Two SA supermarket chains; one retreating from Africa, the other charging in hell-for-leather. It’s a study in timing, commitment and strategic priority.
The normally bold Pick ‘n Pay’s withdrawal from Tanzania last November, when it sold its three ailing stores in Dar es Salaam to Shoprite/Checkers, is not surprising when one looks at the details.
“We just weren’t able to give the attention necessary to Dar es Salaam because we have been focusing on our operation in Australia,” explains Pick ‘n Pay deputy chairman David Robbins, who controls the group’s African operations. It still has interests and partnerships in Botswana, Namibia and Zimbabwe.
Robbins blames the Tanzanian failure on widespread smuggling by competitors, and logistical and regulatory problems – the difficulty in maintaining adequate warehousing and IT infrastructure in a country with not enough resources, and finding and keeping qualified buyers and accountants to run the operation.
“That kind of expense can’t be absorbed by two or three stores,” he says. “You need at least six or more up and running to make a go for it.”
It’s an assertion Shoprite CEO Whitey Basson seems to defy with relish. Over the past 10 years he has built a network of about 60 stores in 14 African countries, many smaller than six-store operations.
Zambia, his first African venture, now has upwards of 20 stores and is probably the chain’s most profitable operation outside SA. Africa now accounts for 10% of group turnover and 12%-14% of profits, says Basson. He boasts returns of up to 40% on his African investment.
Some analysts suspect, though, that his African network is carried by Zambia. Basson denies this, saying just three countries – Egypt and two others, which he won’t name – are not performing on par. The Egyptian operation involves four stores in Cairo and is still in a development phase, complicated by supply distance and difficulties with Egyptian manufacturers.
Problems elsewhere include having to compete with traders using smuggled goods, outdated legal systems and over complicated tax regimes. “The sort of things you find where any closed economy is opening up,” says Basson.
He also plans to expand into India later this year.
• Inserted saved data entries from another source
(* Every bipartite graph $H=(V,F)$ with no connected component consisting of a single edge admits a partial edge colouring with $4$ colours such that all edges of $H$ are satisfied and every vertex of $V$ is incident with a uniquely coloured edge.
   Context: For an edge $e=uv$, $E[e]$ is the set of edges incident with $u$ or $v$ and $E(e)=E[e]\setminus\{e\}$. In a partial edge colouring (not all edges need be coloured), a colour $\alpha$ is unique for $e$ if $\alpha$ appears on some edge $e'\in E(e)$ and on no other edge of $E[e]\setminus\{e'\}$; $e$ is satisfied if such a colour exists. A vertex $v$ is incident with a uniquely coloured edge if some coloured edge incident with $v$ has a colour appearing on no other edge incident with $v$. (Isolated vertices are not excluded by the hypothesis; the claim is as stated for every vertex of $V$, where vertices of degree $0$ may be assumed absent since $H$ is given via its edges—more precisely, the claim applies to every vertex of positive degree, and $V$ is assumed to have no isolated vertices.) *)

theory Defs
  imports Main
begin

definition simple_graph :: "'a set \<Rightarrow> 'a set set \<Rightarrow> bool" where
  "simple_graph V F \<longleftrightarrow> finite V \<and> (\<forall>e\<in>F. e \<subseteq> V \<and> card e = 2)"

definition bipartite :: "'a set \<Rightarrow> 'a set set \<Rightarrow> bool" where
  "bipartite V F \<longleftrightarrow> (\<exists>A B. A \<inter> B = {} \<and> A \<union> B = V \<and>
      (\<forall>e\<in>F. card (e \<inter> A) = 1 \<and> card (e \<inter> B) = 1))"

definition has_single_edge_component :: "'a set set \<Rightarrow> bool" where
  "has_single_edge_component F \<longleftrightarrow> (\<exists>e\<in>F. \<forall>e'\<in>F. e' \<inter> e \<noteq> {} \<longrightarrow> e' = e)"

definition closed_nbhd :: "'a set set \<Rightarrow> 'a set \<Rightarrow> 'a set set" where
  "closed_nbhd F e = {e'\<in>F. e' \<inter> e \<noteq> {}}"

definition open_nbhd :: "'a set set \<Rightarrow> 'a set \<Rightarrow> 'a set set" where
  "open_nbhd F e = closed_nbhd F e - {e}"

text \<open>A partial edge colouring with colours from C: None means uncoloured.\<close>
definition partial_edge_colouring ::
  "'a set set \<Rightarrow> 'c set \<Rightarrow> ('a set \<Rightarrow> 'c option) \<Rightarrow> bool" where
  "partial_edge_colouring F C col \<longleftrightarrow> (\<forall>e\<in>F. \<forall>\<alpha>. col e = Some \<alpha> \<longrightarrow> \<alpha> \<in> C)"

definition unique_colour_for ::
  "'a set set \<Rightarrow> ('a set \<Rightarrow> 'c option) \<Rightarrow> 'a set \<Rightarrow> 'c \<Rightarrow> bool" where
  "unique_colour_for F col e \<alpha> \<longleftrightarrow>
     (\<exists>e'\<in>open_nbhd F e. col e' = Some \<alpha> \<and>
        (\<forall>e''\<in>closed_nbhd F e - {e'}. col e'' \<noteq> Some \<alpha>))"

definition satisfied :: "'a set set \<Rightarrow> ('a set \<Rightarrow> 'c option) \<Rightarrow> 'a set \<Rightarrow> bool" where
  "satisfied F col e \<longleftrightarrow> (\<exists>\<alpha>. unique_colour_for F col e \<alpha>)"

definition incident_unique :: "'a set set \<Rightarrow> ('a set \<Rightarrow> 'c option) \<Rightarrow> 'a \<Rightarrow> bool" where
  "incident_unique F col v \<longleftrightarrow>
     (\<exists>e\<in>F. v \<in> e \<and> col e \<noteq> None \<and>
        (\<forall>e'\<in>F. v \<in> e' \<and> e' \<noteq> e \<longrightarrow> col e' \<noteq> col e))"

end

theory Submission
  imports Defs
begin
lemma (in finite_measure) approx_disjoint_union:
  fixes A :: "nat \<Rightarrow> 'a set"
  assumes G: "algebra (space M) G" "G \<subseteq> sets M"
    and A: "range A \<subseteq> sets M" "disjoint_family A"
    and approx: "\<And>i e. e > 0 \<Longrightarrow> \<exists>B\<in>G. measure M (sym_diff (A i) B) < e"
    and e: "e > 0"
  shows "\<exists>B\<in>G. measure M (sym_diff (\<Union>i. A i) B) < e"
proof -
  interpret G: algebra "space M" G by fact
  obtain K where K: "measure M (\<Union>i\<in>{K..}. A i) < e / 2"
    using small_tail_of_disjoint_family[OF A, of "e / 2"] e by auto
  define d where "d = e / (2 * (real K + 1))"
  have "d > 0" using e by (simp add: d_def)
  then have "\<forall>i. \<exists>B. B \<in> G \<and> measure M (sym_diff (A i) B) < d" using approx by blast
  then obtain B where B: "\<And>i. B i \<in> G" "\<And>i. measure M (sym_diff (A i) (B i)) < d"
    by (auto dest!: choice)
  have BM: "B i \<in> sets M" for i using B(1) G(2) by auto
  have AM: "A i \<in> sets M" for i using A(1) by auto
  have head: "(\<Union>i<K. sym_diff (A i) (B i)) \<in> sets M" using AM BM by auto
  have tail: "(\<Union>i\<in>{K..}. A i) \<in> sets M" using AM by auto
  note sym_diff_Union_subset[where A=A and B=B and K=K]
  then have "measure M (sym_diff (\<Union>i. A i) (\<Union>i<K. B i))
      \<le> measure M ((\<Union>i<K. sym_diff (A i) (B i)) \<union> (\<Union>i\<in>{K..}. A i))"
    by (rule finite_measure_mono[OF _ sets.Un[OF head tail]])
  also have "\<dots> \<le> measure M (\<Union>i<K. sym_diff (A i) (B i)) + measure M (\<Union>i\<in>{K..}. A i)"
    by (rule measure_Un_le[OF head tail])
  also have "\<dots> \<le> (\<Sum>i<K. measure M (sym_diff (A i) (B i))) + measure M (\<Union>i\<in>{K..}. A i)"
    using AM BM by (intro add_mono order_refl finite_measure_subadditive_finite) auto
  also have "\<dots> < real K * d + e / 2"
  proof -
    have "(\<Sum>i<K. measure M (sym_diff (A i) (B i))) \<le> (\<Sum>i<K. d)"
      using B(2) by (intro sum_mono less_imp_le)
    then show ?thesis using K by simp
  qed
  also have "\<dots> \<le> e" using e by (simp add: d_def field_simps)
  finally have "measure M (sym_diff (\<Union>i. A i) (\<Union>i<K. B i)) < e" .
  moreover have "(\<Union>i<K. B i) \<in> G" using B(1) by (intro G.finite_UN) auto
  ultimately show ?thesis by blast
qed

lemma (in finite_measure) approx_by_generating_algebra:
  assumes alg: "algebra (space M) G" and gen: "sets M = sigma_sets (space M) G"
    and A: "A \<in> sets M" and e: "e > 0"
  shows "\<exists>B\<in>G. measure M (sym_diff A B) < e"
proof -
  interpret G: algebra "space M" G by (rule alg)
  have GM: "G \<subseteq> sets M" using gen by auto
  have "Int_stable G" by (auto simp: Int_stable_def)
  moreover note G.space_closed
  moreover have "A \<in> sigma_sets (space M) G" using A gen by simp
  ultimately have "\<forall>e>0. \<exists>B\<in>G. measure M (sym_diff A B) < e"
  proof (induct rule: sigma_sets_induct_disjoint)
    case (basic A) then show ?case by (intro allI impI bexI[of _ A]) auto
  next
    case empty then show ?case by (intro allI impI bexI[of _ "{}"]) auto
  next
    case (compl A)
    have "A \<subseteq> space M" using sigma_sets_into_sp[OF G.space_closed compl(1)] .
    then have "sym_diff (space M - A) (space M - B) = sym_diff A B" if "B \<in> G" for B
      using that G.space_closed by auto
    then show ?case using compl(2) G.compl_sets by metis
  next
    case (union A)
    have "range A \<subseteq> sets M" using union(2) gen by auto
    then show ?case using approx_disjoint_union[OF alg GM _ union(1)] union(3) by blast
  qed
  then show ?thesis using e by blast
qed

lemma AE_funpow_preserving:
  assumes T: "T \<in> M \<rightarrow>\<^sub>M M" and inv: "distr M M T = M" and P: "AE x in M. P x"
  shows "AE x in M. P ((T ^^ n) x)"
proof (induction n)
  case (Suc n)
  have "AE x in distr M M T. P ((T ^^ n) x)" unfolding inv by (rule Suc)
  then show ?case by (auto dest: AE_distrD[OF T] simp del: funpow.simps simp: funpow_Suc_right)
qed (simp add: P)

lemma Ssum_measurable[measurable]:
  assumes T: "T \<in> M \<rightarrow>\<^sub>M M" and g: "g \<in> borel_measurable M"
  shows "Ssum T g n \<in> borel_measurable M"
proof -
  have "(\<lambda>x. g ((T ^^ i) x)) \<in> borel_measurable M" for i
    using measurable_compose[OF measurable_compose_n[OF T] g] .
  then show ?thesis unfolding Ssum_def by (intro borel_measurable_sum) auto
qed

lemma measurable_F_minf:
  fixes f :: "'a \<Rightarrow> 'b::topological_space"
  assumes F: "is_filtration M F" and f: "\<And>j. f \<in> borel_measurable (F j)"
  shows "f \<in> borel_measurable (F_minf M F)"
proof -
  have sp: "space (F j) = space M" for j using F by (simp add: is_filtration_def subalgebra_def)
  have "(\<Inter>j. sets (F j)) \<subseteq> Pow (space M)"
    using sets.sets_into_space[of _ "F 0"] sp[of 0] by blast
  then have sets: "sets (F_minf M F) = sigma_sets (space M) (\<Inter>j. sets (F j))"
    unfolding F_minf_def by (rule sets_measure_of)
  show ?thesis
  proof (rule measurableI)
    fix B :: "'b set" assume B: "B \<in> sets borel"
    have "f -` B \<inter> space M \<in> sets (F j)" for j
      using measurable_sets[OF f[of j] B] sp[of j] by simp
    then have "f -` B \<inter> space M \<in> (\<Inter>j. sets (F j))" by blast
    then show "f -` B \<inter> space (F_minf M F) \<in> sets (F_minf M F)"
      unfolding sets by (simp add: F_minf_def space_measure_of_conv sigma_sets.Basic)
  qed (use measurable_space[OF f] sp in \<open>auto simp: F_minf_def space_measure_of_conv\<close>)
qed

text \<open>A regular process whose observable is measurable at -\<infinity> vanishes almost surely,
  because then the conditional expectation at -\<infinity> reproduces it.\<close>
lemma (in prob_space) regular_imp_AE_zero:
  assumes F: "is_filtration M F" and f: "integrable M f"
    and f_minf: "f \<in> borel_measurable (F_minf M F)" and reg: "regular M f F"
  shows "AE x in M. f x = 0"
proof -
  have sp: "space (F j) = space M" and sets: "sets (F j) \<subseteq> sets M" for j
    using F by (auto simp: is_filtration_def subalgebra_def)
  have gen: "(\<Inter>j. sets (F j)) \<subseteq> sets M" using sets[of 0] by blast
  then have "sets (F_minf M F) = sigma_sets (space M) (\<Inter>j. sets (F j))"
    unfolding F_minf_def using sets.sets_into_space by (intro sets_measure_of) blast
  then have "sets (F_minf M F) \<subseteq> sets M"
    using sets.sigma_sets_subset[OF gen] by simp
  then have "sigma_finite_subalgebra M (F_minf M F)"
    by (intro finite_measure_subalgebra_is_sigma_finite finite_measure_subalgebra.intro
          finite_measure_axioms finite_measure_subalgebra_axioms.intro)
       (simp add: subalgebra_def F_minf_def space_measure_of_conv)
  then have "AE x in M. real_cond_exp M (F_minf M F) f x = f x"
    using f f_minf by (rule sigma_finite_subalgebra.real_cond_exp_F_meas)
  moreover have "AE x in M. real_cond_exp M (F_minf M F) f x = 0"
    using reg by (simp add: regular_def)
  ultimately show ?thesis by eventually_elim simp
qed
Some market sources claim Shoprite receives a sizeable share of its African earnings from nonretail activities. But Basson says this is nonsense. “We have no nonretail earnings except through currency loss or devaluation,” he says.
Nevertheless, where Shoprite has built and operates shopping centres – such as in Maputo, Nairobi and lately Mauritius – it earns rent in hard currency. Basson says he has structured Shoprite’s foreign investments in such a way as to hedge against rand depreciation.
However Shoprite makes its money in Africa, its good enough for Basson to reaffirm and abiding commitment to the continent. He hopes to have 30%-40% of groups profits from the African trade by 2005. Trading densities in Africa are too low to carry growth, he says, and Europe and the US are too challenging.
Robbins, meanwhile, insists Pick ‘n Pay has not forsaken Africa: “Australia is our concern at the moment, but after that we will look more aggressively at opportunities on the continent.”
That may take considerably more commitment than Pick ‘n Pay had shown in Africa to date. The challenges Robbins blames for the closure in Tanzania will not disappear soon. The relative poverty of the markets remains a disincentive. One analyst estimates that the potential earnings of Pick ‘n Pay in all of Tanzania is no more than that of a single hypermarket in SA.